In 1893, there were fewer than three cases of diabetes per 100,000 people in the United States. Today, diabetes strikes almost 8,000 out of every 100,000 people.1
You don’t have to be a physician or a scientist to notice America’s expanding waistline. All you have to do is stroll through a shopping mall or a schoolyard, or perhaps glance in the mirror.
- Feeds candida
- Promotes wrinkling and aging skin2
- Makes your blood acidic3
- Can lead to osteoporosis.4
- Rots your teeth5
- Raises your blood sugar level6
- Contributes to obesity7
- Is addictive (almost as much as drugs) 8
- Can create the urge to binge9
- Provides ’empty calories’ with no nutritional value10
- Contributes to diabetes11
- Robs your body of minerals.12
- Robs you of energy13
- Contributes to heart problems14
- Can cause cancer15
- Contributes to ulcers16
- Can cause gallstones17
- Contributes to adrenal fatigue
- Can suppress your immune system18
- Raises the level of neurotransmitters called serotonin19
- Weakens eyesight
- Sugar can cause hypoglycemia (low blood sugar levels).
- Can cause aging20
- Can contribute to eczema21
- Can cause arthritis22
To learn more about the dangers of sugar and find out if you’re a ‘sugarholic’, read Lick The Sugar Habit, by Nancy Appelton, PhD.
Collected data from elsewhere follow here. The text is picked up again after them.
lemma exists_right_continuous_quasi_pseudometric_small_ball:
  assumes "is_nbhd V e"
  shows "\<exists>d. quasi_pseudometric d \<and> left_subinvariant d \<and> closure_dist_continuous d
    \<and> right_continuous d \<and> (\<forall>x r. open (qball d x r)) \<and> (\<forall>x. qball d x (1/2) \<subseteq> closure ((*) x ` V))"
proof -
  obtain U where "nbhd_sequence e U" "U 0 \<subseteq> V"
    using exists_nbhd_sequence[OF assms] by blast
  then interpret nbhd_sequence e U
    by simp
  have "closure ((*) x ` U 0) \<subseteq> closure ((*) x ` V)" for x
    using \<open>U 0 \<subseteq> V\<close> by (intro closure_mono) blast
  then have "qball closure_hull.qdist x (1/2) \<subseteq> closure ((*) x ` V)" for x
    using closure_hull.qdist_less_half by (fastforce simp: qball_def)
  then show ?thesis
    using closure_hull.quasi_pseudometric_qdist closure_hull.left_subinvariant_qdist
      closure_hull.closure_dist_continuous_qdist right_continuous_closure_qdist
      closure_hull.open_qball_qdist by blast
qed

lemma exists_generating_quasi_pseudometric_family:
  assumes base: "nbhd_base e B"
    and card: "\<And>f :: 'a set \<Rightarrow> 'a \<Rightarrow> 'a \<Rightarrow> real. card_le_character (f ` B) TYPE('a)"
  shows "\<exists>D :: ('a \<Rightarrow> 'a \<Rightarrow> real) set.
    (\<forall>d\<in>D. quasi_pseudometric d \<and> left_subinvariant d \<and> closure_dist_continuous d)
    \<and> generates_topology D \<and> card_le_character D TYPE('a)"
proof -
  have "\<forall>V\<in>B. \<exists>d. quasi_pseudometric d \<and> left_subinvariant d \<and> closure_dist_continuous d
    \<and> (\<forall>x r. open (qball d x r)) \<and> (\<forall>x. qball d x (1/2) \<subseteq> (*) x ` V)"
    using base exists_quasi_pseudometric_small_ball unfolding nbhd_base_def by blast
  then obtain d where d: "\<And>V. V \<in> B \<Longrightarrow> quasi_pseudometric (d V) \<and> left_subinvariant (d V)
    \<and> closure_dist_continuous (d V) \<and> (\<forall>x r. open (qball (d V) x r)) \<and> (\<forall>x. qball (d V) x (1/2) \<subseteq> (*) x ` V)"
    by metis
  have "generates_topology (d ` B)"
  proof (rule generates_topologyI)
    show "open (qball d' x r)" "d' x x = 0" if "d' \<in> d ` B" for d' x r
      using that d unfolding quasi_pseudometric_def by auto
    show "\<exists>d'\<in>d ` B. \<exists>r>0. qball d' x r \<subseteq> W" if W: "open W" "x \<in> W" for x W
    proof -
      obtain V where "V \<in> B" "(*) x ` V \<subseteq> W"
        using exists_base_translate_subset[OF base W] by blast
      moreover from this have "qball (d V) x (1/2) \<subseteq> W"
        using d[of V] by blast
      ultimately show ?thesis
        by (intro bexI[of _ "d V"] exI[of _ "1/2"]) auto
    qed
  qed
  with d card[of d] show ?thesis
    by (intro exI[of _ "d ` B"]) auto
qed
Looking to HACK Your Body? 4 Hour Body by Tim Ferris
Tim’s – Slow Carb Diet is one of the key features of the book. His research into insulin production and his use of cold ice baths to rev up the calorie burning is fascinating. Here’s some of the big areas of this program:
RULE 1: AVOID “WHITE” CARBOHYDRATES.
RULE 2: EAT THE SAME FEW MEALS OVER AND OVER AGAIN.
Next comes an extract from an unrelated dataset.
(* Let $T>0$, $x_0,y_0\in\mathbb{R}$, $\gamma_P,\gamma_A>0$, let $a^*$ be the constant action $a^*_t:=\kappa^*(1)$, $t\in[0,T]$, and set $$\beta^*:=\frac{T\gamma_A\gamma_P^2}{2(\gamma_A+\gamma_P)^2}+y_0+T\kappa(\kappa^*(1))-\frac{\gamma_P}{\gamma_A+\gamma_P}\left(x_0+T\kappa^*(1)\right).$$ (i) Let $W\in\mathcal{W}$, so that $(W,a^* )\in\mathcal{C}$. Then $(W,a^* )$ satisfies the Borch rule, i.e. there exists a constant $\alpha>0$ with $$\frac{U_P'\left(X_T^{a^*}-W\right)}{U_A'\left(W-\int_0^T\kappa(a^*_t)\,dt\right)}=\alpha\quad\mathbb{P}\text{-a.s.},$$ if and only if there exists $\beta\in\mathbb{R}$ such that $W=\frac{\gamma_P}{\gamma_A+\gamma_P}X_T^{a^*}+\beta$. Moreover, such a contract $\left(\frac{\gamma_P}{\gamma_A+\gamma_P}X_T^{a^*}+\beta,\,a^*\right)$ belongs to $\mathcal{C}_{PC}$ if and only if $\beta\ge\beta^*$. (ii) With $W^*:=\frac{\gamma_P}{\gamma_A+\gamma_P}X_T^{a^*}+\beta^*$, the contract $(W^*,a^* )$ belongs to $\mathcal{C}_{PC}$ and is optimal for the problem $\sup_{(W,a)\in\mathcal{C}_{PC}}\mathbb{E}[U_P(X_T^a-W)]$.
   Context: Fix $T>0$. Let $(\Omega,\mathcal{F},\mathbb{P})$ be a probability space carrying a standard one-dimensional Brownian motion $B=(B_t)_{t\in[0,T]}$, and let $\mathbb{F}=(\mathcal{F}_t)_{t\in[0,T]}$ be its natural completed filtration. Let $\mathbb{H}_2$ be the set of $\mathbb{F}$-predictable processes $a=(a_t)_{t\in[0,T]}$ with values in $[0,\infty)$ such that $\mathbb{E}[\exp(q\int_0^T|a_t|^2dt)]<\infty$ for all $q>0$. For $a\in\mathbb{H}_2$ and a fixed $x_0\in\mathbb{R}$, set $X_t^a=x_0+\int_0^t a_s\,ds+B_t$. Let $\mathcal{W}$ be the set of $\mathcal{F}_T$-measurable random variables $W$ with $\mathbb{E}[\exp(qW)]<\infty$ for all $q\in\mathbb{R}\setminus\{0\}$, and $\mathcal{C}=\{(W,a):W\in\mathcal{W},a\in\mathbb{H}_2\}$. The cost function $\kappa:[0,\infty)\to\mathbb{R}$ is strictly convex, continuous, non-decreasing, with invertible derivative $\kappa'$; $\kappa^*(p)=\arg\sup_{x\ge0}(px-\kappa(x))=(\kappa')^{-1}(p)\ge0$ for $p\ge0$. With $\gamma_P,\gamma_A>0$, $U_P(x)=-\exp(-\gamma_P x)$ and $U_A(x)=-\exp(-\gamma_A x)$. For $y_0\in\mathbb{R}$, the participation constraint (PC) of a contract $(W,a)\in\mathcal{C}$ is $\mathbb{E}[U_A(W-\int_0^T\kappa(a_t)dt)]\ge U_A(y_0)$, and $\mathcal{C}_{PC}$ is the set of contracts in $\mathcal{C}$ satisfying the PC. *)

theory Defs
  imports "HOL-Probability.Probability"
begin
RULE 3: DON’T DRINK CALORIES.
RULE 4: DON’T EAT FRUIT.
RULE 5: TAKE ONE DAY OFF PER WEEK. ….This one makes me nervous….
I recommend Saturdays as your Dieters Gone Wild (DGW) day. I am allowed to eat whatever I want on Saturdays, and I go out of my way to eat ice cream, Snickers, Take 5, and all of my other vices in excess. If I drank beer, I’d have a few pints of Paulaner Hefe-Weizen.
I make myself a little sick each Saturday and don’t want to look at any junk for the rest of the week. Paradoxically, dramatically spiking caloric intake in this way once per week increases fat-loss by ensuring that your metabolic rate (thyroid function and conversion of T4 to T3, etc.) doesn’t downshift from extended caloric restriction.
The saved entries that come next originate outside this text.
(* Let $X$ be a nonnegative integer-valued random variable whose PGF $X(z)$ has radius of convergence $r>1$, with mean $\mu=X'(1)>0$ and variance $\sigma^2>0$, such that $|X(z)|<X(r_1)$ whenever $|z|=r_1$, $z\ne r_1$, $r_1\in(0,r)$. For positive integers $n,s$ let $A(z)=X(z)^n$, $\mu_A=n\mu<s$, with degree of $X(z)$ larger than $s/n$, and let $Z_0$ be the zero of $z^s-A(z)$ of minimal modulus in $1<|z|<r$. Suppose $\frac{n\mu}{s}=1-\frac{\gamma}{\sqrt s}$ with $\gamma$ bounded away from $0$ and $\infty$ as $s\to\infty$. Then $$-\frac{s-\mu_A}{sZ_0^{s-1}-A'(Z_0)}=\Big(\frac{1}{Z_0}\Big)^{s-1}\big(1+O(s^{-1/2})\big),\qquad s\to\infty.$$
   Context: $\sigma^2=X''(1)-X'(1)^2+X'(1)$. $O$-terms refer to $s\to\infty$ with constants independent of $s$. *)

theory Defs
  imports "HOL-Probability.Probability"
begin

definition pgf :: "nat pmf \<Rightarrow> complex \<Rightarrow> complex" where
  "pgf P z = (\<Sum>k. complex_of_real (pmf P k) * z ^ k)"

definition pgf_radius :: "nat pmf \<Rightarrow> ereal" where
  "pgf_radius P = conv_radius (\<lambda>k. complex_of_real (pmf P k))"

end

theory Submission
  imports Defs "HOL-Complex_Analysis.Complex_Analysis"
begin

text \<open>Write X(e^u) = exp(\<mu> u + D(u)), where D is the cumulant generating function of X - \<mu>,
  so that D(u) = \<sigma>^2 u^2/2 + O(u^3) and D'(u) = \<sigma>^2 u + O(u^2). A real point e^v is a zero of
  z^s - X(z)^n iff (s - n\<mu>) v = n D(v). Since s - n\<mu> = \<gamma> \<surd>s, the quadratic growth of D yields such
  a zero with v = O(s^(-1/2)), and the dominance hypothesis forces the zero Z0 of minimal modulus to
  be real: otherwise |Z0|^s = |X(Z0)|^n < X(|Z0|)^n, and the intermediate value theorem gives a
  real zero of smaller modulus. At Z0 = e^v the quotient equals Z0^(1-s) D(v) / (v D'(v) - D(v)),
  and the two Taylor expansions make the last factor 1 + O(v) = 1 + O(s^(-1/2)).\<close>

definition pgf_fps :: "nat pmf \<Rightarrow> complex fps" where
  "pgf_fps P = Abs_fps (\<lambda>k. complex_of_real (pmf P k))"

lemma pgf_fps_nth [simp]: "fps_nth (pgf_fps P) k = complex_of_real (pmf P k)"
  by (simp add: pgf_fps_def)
That’s right: eating pure crap can help you lose fat. Welcome to Utopia. There are no limits or boundaries during this day of gluttonous enjoyment. There is absolutely no calorie counting on this diet, on this day or any other.
Start the diet at least ﬁve days before your designated cheat day. If you choose Saturday, for example, I would suggest starting your diet on a Monday.